Requirement:
Look through the data below. Pick out the lines holding the string "metis".

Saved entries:
lemma PID_left_factor_bound_ideal_mem:
  fixes a x y :: "'a::ring_1_no_zero_divisors"
  assumes pid: "is_PID TYPE('a)" and "a \<noteq> 0" and y: "y \<notin> lprinc a"
    and xy: "\<And>r. x * r * y \<in> lprinc a"
  shows "\<exists>a' d. a = a' * d \<and> \<not> unit_el a' \<and> x \<in> bound_ideal a'"
proof -
  let ?S = "{s * a + t * y | s t. True}"
  have "left_ideal ?S" unfolding left_ideal_def
  proof (intro conjI ballI allI)
    have "0 = 0 * a + 0 * y" by simp
    then show "0 \<in> ?S" by blast
  next
    fix u v assume "u \<in> ?S" "v \<in> ?S"
    then obtain s1 t1 s2 t2 where "u = s1 * a + t1 * y" "v = s2 * a + t2 * y" by blast
    then have "u + v = (s1 + s2) * a + (t1 + t2) * y" by (simp add: algebra_simps)
    then show "u + v \<in> ?S" by blast
  next
    fix r u assume "u \<in> ?S"
    then obtain s t where "u = s * a + t * y" by blast
    then have "r * u = (r * s) * a + (r * t) * y" by (simp add: algebra_simps)
    then show "r * u \<in> ?S" by blast
  qed
  then obtain d where d: "?S = lprinc d" using pid unfolding is_PID_def by blast
  have "a \<in> ?S" by (rule CollectI, rule exI[of _ 1], rule exI[of _ 0]) simp
  then obtain a' where a': "a = a' * d" using d mem_lprinc by blast
  have "y \<in> ?S" by (rule CollectI, rule exI[of _ 0], rule exI[of _ 1]) simp
  then obtain q where q: "y = q * d" using d mem_lprinc by blast
  have "d \<in> ?S" using d mem_lprinc by (metis mult_1_left)
  then obtain s t where st: "d = s * a + t * y" by blast
  have "d \<noteq> 0" using a' \<open>a \<noteq> 0\<close> by auto
  have "\<not> unit_el a'"
  proof
    assume "unit_el a'"
    then obtain v where "v * a' = 1" by (auto simp: unit_el_iff_left_inverse)
    then have "y = (q * v) * a" using a' q by (metis mult.assoc mult_1_left)
    then show False using y by auto
  qed
  moreover have "x * r \<in> lprinc a'" for r
  proof -
    obtain k where k: "x * (r * t) * y = k * a" using xy[of "r * t"] by auto
    have "x * r * d = (x * r * s + k) * a" using st k by (simp add: algebra_simps)
    also have "\<dots> = ((x * r * s + k) * a') * d" using a' by (simp add: mult.assoc)
    finally have "x * r = (x * r * s + k) * a'" using \<open>d \<noteq> 0\<close> by simp
    then show ?thesis using mem_lprinc by blast
  qed
  ultimately show ?thesis using a' unfolding bound_ideal_def by blast
qed

lemma PID_structurally_prime_lprinc_if_bound_ideals:
  fixes a :: "'a::ring_1_no_zero_divisors"
  assumes pid: "is_PID TYPE('a)" and "a \<noteq> 0" and "\<not> unit_el a"
    and bounds: "\<And>a' d. a = a' * d \<Longrightarrow> \<not> unit_el a' \<Longrightarrow> bound_ideal a' \<subseteq> lprinc a"
  shows "structurally_prime (lprinc a)"
  unfolding structurally_prime_lprinc_iff[OF \<open>\<not> unit_el a\<close>]
proof (intro allI impI)
  fix x y assume "\<forall>r. x * r * y \<in> lprinc a"
  then show "x \<in> lprinc a \<or> y \<in> lprinc a"
    using PID_left_factor_bound_ideal_mem[OF pid \<open>a \<noteq> 0\<close>] bounds by blast
qed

Exercise output:
  have "d \<in> ?S" using d mem_lprinc by (metis mult_1_left)
    then have "y = (q * v) * a" using a' q by (metis mult.assoc mult_1_left)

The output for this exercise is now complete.